# Exercise description
Each entry that appears below should be restated word for word.

--- Input for this task ---

lemma lat_closed_cases:
  fixes A :: "'a::lattice set"
  assumes "lat_closed A" and "s \<in> A"
  obtains (least) "\<forall>a\<in>A. s \<le> a"
    | (join_irreducible) "s \<in> join_irreducibles A"
    | (join) a b where "a \<in> A" "b \<in> A" "a < s" "b < s" "s = sup a b"
proof (cases "s \<in> join_irreducibles A")
  case False
  then consider "\<not> (\<exists>x\<in>A. x < s)" | a b where "a \<in> A" "b \<in> A" "s = sup a b" "s \<noteq> a" "s \<noteq> b"
    using assms(2) unfolding join_irreducibles_def by blast
  then show ?thesis
  proof cases
    case 1
    have "s \<le> a" if "a \<in> A" for a
    proof -
      have "inf s a \<in> A" using assms that unfolding lat_closed_def by blast
      then have "inf s a = s" using 1 by (metis inf.cobounded1 order.order_iff_strict)
      then show ?thesis by (metis inf.cobounded2)
    qed
    then show ?thesis using least by blast
  next
    case 2
    then show ?thesis
      using join by (metis sup.cobounded1 sup.cobounded2 order.not_eq_order_implies_strict)
  qed
qed (rule join_irreducible)

lemma lower_cover_strictly_below:
  fixes A :: "'a::lattice set"
  assumes fin: "finite A" and cl: "lat_closed A" and s: "s \<in> join_irreducibles A"
  shows "lower_cover A s \<in> A" and "lower_cover A s < s"
proof -
  let ?L = "{a \<in> A. a < s}"
  have "?L \<noteq> {}" using s by (auto simp: join_irreducibles_def)
  then obtain m where m: "m \<in> A" "m < s" and m_max: "\<forall>b\<in>?L. m \<le> b \<longrightarrow> m = b"
    using finite_has_maximal[of ?L] fin by auto
  have greatest: "a \<le> m" if a: "a \<in> A" "a < s" for a
  proof -
    have "sup a m \<noteq> s"
    proof
      assume "sup a m = s"
      then have "s = a \<or> s = m" using s a m unfolding join_irreducibles_def by blast
      then show False using a m by auto
    qed
    then have "sup a m < s" using a m by (simp add: order.strict_iff_order)
    moreover have "sup a m \<in> A" using cl a m unfolding lat_closed_def by blast
    ultimately have "m = sup a m" using m_max by simp
    then show "a \<le> m" by (metis sup.cobounded1)
  qed
  have "lower_cover A s = m" unfolding lower_cover_def
  proof (rule the_equality)
    show "m \<in> A \<and> m < s \<and> \<not> (\<exists>z\<in>A. m < z \<and> z < s)" using m greatest by force
  next
    fix p assume "p \<in> A \<and> p < s \<and> \<not> (\<exists>z\<in>A. p < z \<and> z < s)"
    then show "p = m" using m greatest by force
  qed
  then show "lower_cover A s \<in> A" "lower_cover A s < s" using m by auto
qed

definition join_dep_closed :: "'a::lattice set \<Rightarrow> 'a set \<Rightarrow> bool" where
  "join_dep_closed A P \<longleftrightarrow> (\<forall>q\<in>P. \<forall>i. (i, q) \<in> join_dep A \<longrightarrow> i \<in> P)"

lemma join_dep_closed_rtrancl: "join_dep_closed A {i. \<exists>p\<in>P. (i, p) \<in> (join_dep A)\<^sup>*}"
  unfolding join_dep_closed_def by (blast intro: converse_rtrancl_into_rtrancl)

---

# Answer section
lemma lat_closed_cases:
  fixes A :: "'a::lattice set"
  assumes "lat_closed A" and "s \<in> A"
  obtains (least) "\<forall>a\<in>A. s \<le> a"
    | (join_irreducible) "s \<in> join_irreducibles A"
    | (join) a b where "a \<in> A" "b \<in> A" "a < s" "b < s" "s = sup a b"
proof (cases "s \<in> join_irreducibles A")
  case False
  then consider "\<not> (\<exists>x\<in>A. x < s)" | a b where "a \<in> A" "b \<in> A" "s = sup a b" "s \<noteq> a" "s \<noteq> b"
    using assms(2) unfolding join_irreducibles_def by blast
  then show ?thesis
  proof cases
    case 1
    have "s \<le> a" if "a \<in> A" for a
    proof -
      have "inf s a \<in> A" using assms that unfolding lat_closed_def by blast
      then have "inf s a = s" using 1 by (metis inf.cobounded1 order.order_iff_strict)
      then show ?thesis by (metis inf.cobounded2)
    qed
    then show ?thesis using least by blast
  next
    case 2
    then show ?thesis
      using join by (metis sup.cobounded1 sup.cobounded2 order.not_eq_order_implies_strict)
  qed
qed (rule join_irreducible)

lemma lower_cover_strictly_below:
  fixes A :: "'a::lattice set"
  assumes fin: "finite A" and cl: "lat_closed A" and s: "s \<in> join_irreducibles A"
  shows "lower_cover A s \<in> A" and "lower_cover A s < s"
proof -
  let ?L = "{a \<in> A. a < s}"
  have "?L \<noteq> {}" using s by (auto simp: join_irreducibles_def)
  then obtain m where m: "m \<in> A" "m < s" and m_max: "\<forall>b\<in>?L. m \<le> b \<longrightarrow> m = b"
    using finite_has_maximal[of ?L] fin by auto
  have greatest: "a \<le> m" if a: "a \<in> A" "a < s" for a
  proof -
    have "sup a m \<noteq> s"
    proof
      assume "sup a m = s"
      then have "s = a \<or> s = m" using s a m unfolding join_irreducibles_def by blast
      then show False using a m by auto
    qed
    then have "sup a m < s" using a m by (simp add: order.strict_iff_order)
    moreover have "sup a m \<in> A" using cl a m unfolding lat_closed_def by blast
    ultimately have "m = sup a m" using m_max by simp
    then show "a \<le> m" by (metis sup.cobounded1)
  qed
  have "lower_cover A s = m" unfolding lower_cover_def
  proof (rule the_equality)
    show "m \<in> A \<and> m < s \<and> \<not> (\<exists>z\<in>A. m < z \<and> z < s)" using m greatest by force
  next
    fix p assume "p \<in> A \<and> p < s \<and> \<not> (\<exists>z\<in>A. p < z \<and> z < s)"
    then show "p = m" using m greatest by force
  qed
  then show "lower_cover A s \<in> A" "lower_cover A s < s" using m by auto
qed

definition join_dep_closed :: "'a::lattice set \<Rightarrow> 'a set \<Rightarrow> bool" where
  "join_dep_closed A P \<longleftrightarrow> (\<forall>q\<in>P. \<forall>i. (i, q) \<in> join_dep A \<longrightarrow> i \<in> P)"

lemma join_dep_closed_rtrancl: "join_dep_closed A {i. \<exists>p\<in>P. (i, p) \<in> (join_dep A)\<^sup>*}"
  unfolding join_dep_closed_def by (blast intro: converse_rtrancl_into_rtrancl)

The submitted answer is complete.